For us, we'd already fixed the misreading due to our switch to
bssl::Array and bssl::Span, but the documentation was odd. This CL
preserves that behavior, but updates the documentation and writes a
test.
Update-Note: SSL_CTX_set_alpn_protos and SSL_set_alpn_protos will now
reject invalud inputs.

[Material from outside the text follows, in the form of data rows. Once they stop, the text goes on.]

lemma maxdet_nonneg:
  fixes P :: "'a::euclidean_space set"
  assumes "finite P"
  shows "0 \<le> maxdet k P"
proof (cases "maxdet k P = 0")
  case False
  then obtain xs where "distinct xs" "set xs \<subseteq> P" "length xs = k" "maxdet k P = det (gram_mat xs)"
    by (rule maxdet_attained[OF assms])
  then show ?thesis
    using det_gram_mat_nonneg by simp
qed simp

lemma infdist_le_height: "finite P \<Longrightarrow> p \<in> P \<Longrightarrow> infdist p H \<le> height P H"
  unfolding height_def by auto

lemma height_attained:
  assumes "finite C" "C \<noteq> {}"
  obtains q where "q \<in> C" "height C H = infdist q H"
proof -
  have "height C H \<in> (\<lambda>p. infdist p H) ` C"
    unfolding height_def using assms by (auto intro!: Max_in)
  then show ?thesis
    using that by auto
qed

lemma approx_coreset_farther_point:
  assumes coreset: "approx_coreset \<alpha> k C P" and "finite P" "0 < \<alpha>"
    and "p \<in> P" "H \<in> subspaces_of_dim (k - 1)" "0 < infdist p H"
  obtains q where "q \<in> C" "infdist p H \<le> \<alpha> * infdist q H"
proof -
  have "infdist p H \<le> height P H"
    using assms by (intro infdist_le_height)
  also have "\<dots> \<le> \<alpha> * height C H"
    using coreset assms(3,5) unfolding approx_coreset_def by (auto simp: divide_le_eq mult.commute)
  finally have le: "infdist p H \<le> \<alpha> * height C H" .
  have "finite C"
    using coreset \<open>finite P\<close> finite_subset unfolding approx_coreset_def by blast
  moreover have "C \<noteq> {}"
    using le assms(6) by (auto simp: height_def)
  ultimately obtain q where "q \<in> C" "height C H = infdist q H"
    by (rule height_attained)
  with le show ?thesis
    using that by simp
qed

lemma det_gram_mat_exchange:
  fixes xs :: "'a::euclidean_space list"
  assumes coreset: "approx_coreset \<alpha> k C P" and "finite P" "0 < \<alpha>"
    and xs: "length xs = k" "j < k" "xs ! j \<in> P" and pos: "0 < det (gram_mat xs)"
  obtains q where "q \<in> C" "det (gram_mat xs) \<le> \<alpha>\<^sup>2 * det (gram_mat (xs[j := q]))"
proof -
  let ?ys = "remove_nth j xs"
  let ?H = "span (set ?ys)"
  have j: "j < length xs"
    using xs by simp
  have base_times_height: "det (gram_mat (xs[j := p])) = (infdist p ?H)\<^sup>2 * det (gram_mat ?ys)" for p
    by (rule det_gram_mat_update[OF j])
  from pos base_times_height[of "xs ! j"] have far: "0 < infdist (xs ! j) ?H" and "det (gram_mat ?ys) \<noteq> 0"
    using infdist_nonneg[of "xs ! j" ?H] by (auto simp: less_le)
  from this(2) have "distinct ?ys" "independent (set ?ys)"
    using det_gram_mat_nonzero_imp_distinct_independent by blast+
  then have "dim ?H = k - 1"
    using xs by (simp add: dim_eq_card_independent distinct_card length_remove_nth)
  then have H: "?H \<in> subspaces_of_dim (k - 1)"
    unfolding subspaces_of_dim_def by simp
  obtain q where q: "q \<in> C" "infdist (xs ! j) ?H \<le> \<alpha> * infdist q ?H"
    by (rule approx_coreset_farther_point[OF coreset \<open>finite P\<close> \<open>0 < \<alpha>\<close> xs(3) H far])
  have "(infdist (xs ! j) ?H)\<^sup>2 \<le> (\<alpha> * infdist q ?H)\<^sup>2"
    using q(2) infdist_nonneg by (rule power_mono)
  then have sq: "(infdist (xs ! j) ?H)\<^sup>2 \<le> \<alpha>\<^sup>2 * (infdist q ?H)\<^sup>2"
    by (simp add: power_mult_distrib)
  have "det (gram_mat xs) = (infdist (xs ! j) ?H)\<^sup>2 * det (gram_mat ?ys)"
    using base_times_height[of "xs ! j"] by simp
  also have "\<dots> \<le> (\<alpha>\<^sup>2 * (infdist q ?H)\<^sup>2) * det (gram_mat ?ys)"
    using sq det_gram_mat_nonneg by (rule mult_right_mono)
  also have "\<dots> = \<alpha>\<^sup>2 * det (gram_mat (xs[j := q]))"
    by (simp add: base_times_height)
  finally have "det (gram_mat xs) \<le> \<alpha>\<^sup>2 * det (gram_mat (xs[j := q]))" .
  with q(1) show ?thesis
    by (rule that)
qed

Previously, they would accept them, but silently
send an invalid ALPN extension which the server would almost certainly
error on.
Change-Id: Id5830b2d8c3a5cee4712878fe92ee350c4914367
Reviewed-on: https://boringssl-review.googlesource.com/c/boringssl/+/46804
Commit-Queue: David Benjamin <davidben@google.com>
Reviewed-by: Adam Langley <agl@google.com>
diff --git a/crypto/err/ssl.errordata b/crypto/err/ssl.errordata
index da85b1f..04c7d53 100644
--- a/crypto/err/ssl.errordata
+++ b/crypto/err/ssl.errordata
@@ -79,6 +79,7 @@
SSL,157,INAPPROPRIATE_FALLBACK
SSL,303,INCONSISTENT_CLIENT_HELLO
SSL,259,INVALID_ALPN_PROTOCOL
+SSL,315,INVALID_ALPN_PROTOCOL_LIST
SSL,314,INVALID_CLIENT_HELLO_INNER
SSL,158,INVALID_COMMAND
SSL,256,INVALID_COMPRESSION_LIST
diff --git a/include/openssl/ssl.h b/include/openssl/ssl.h
index 16b64c1..8d8e091 100644
--- a/include/openssl/ssl.h
+++ b/include/openssl/ssl.h
@@ -2723,8 +2723,9 @@
// SSL_CTX_set_alpn_protos sets the client ALPN protocol list on |ctx| to
// |protos|. |protos| must be in wire-format (i.e. a series of non-empty, 8-bit
-// length-prefixed strings). It returns zero on success and one on failure.
-// Configuring this list enables ALPN on a client.
+// length-prefixed strings), or the empty string to disable ALPN. It returns
+// zero on success and one on failure. Configuring a non-empty string enables
+// ALPN on a client.
//
// WARNING: this function is dangerous because it breaks the usual return value
// convention.
@@ -2733,8 +2734,9 @@
// SSL_set_alpn_protos sets the client ALPN protocol list on |ssl| to |protos|.
// |protos| must be in wire-format (i.e. a series of non-empty, 8-bit
-// length-prefixed strings). It returns zero on success and one on failure.
-// Configuring this list enables ALPN on a client.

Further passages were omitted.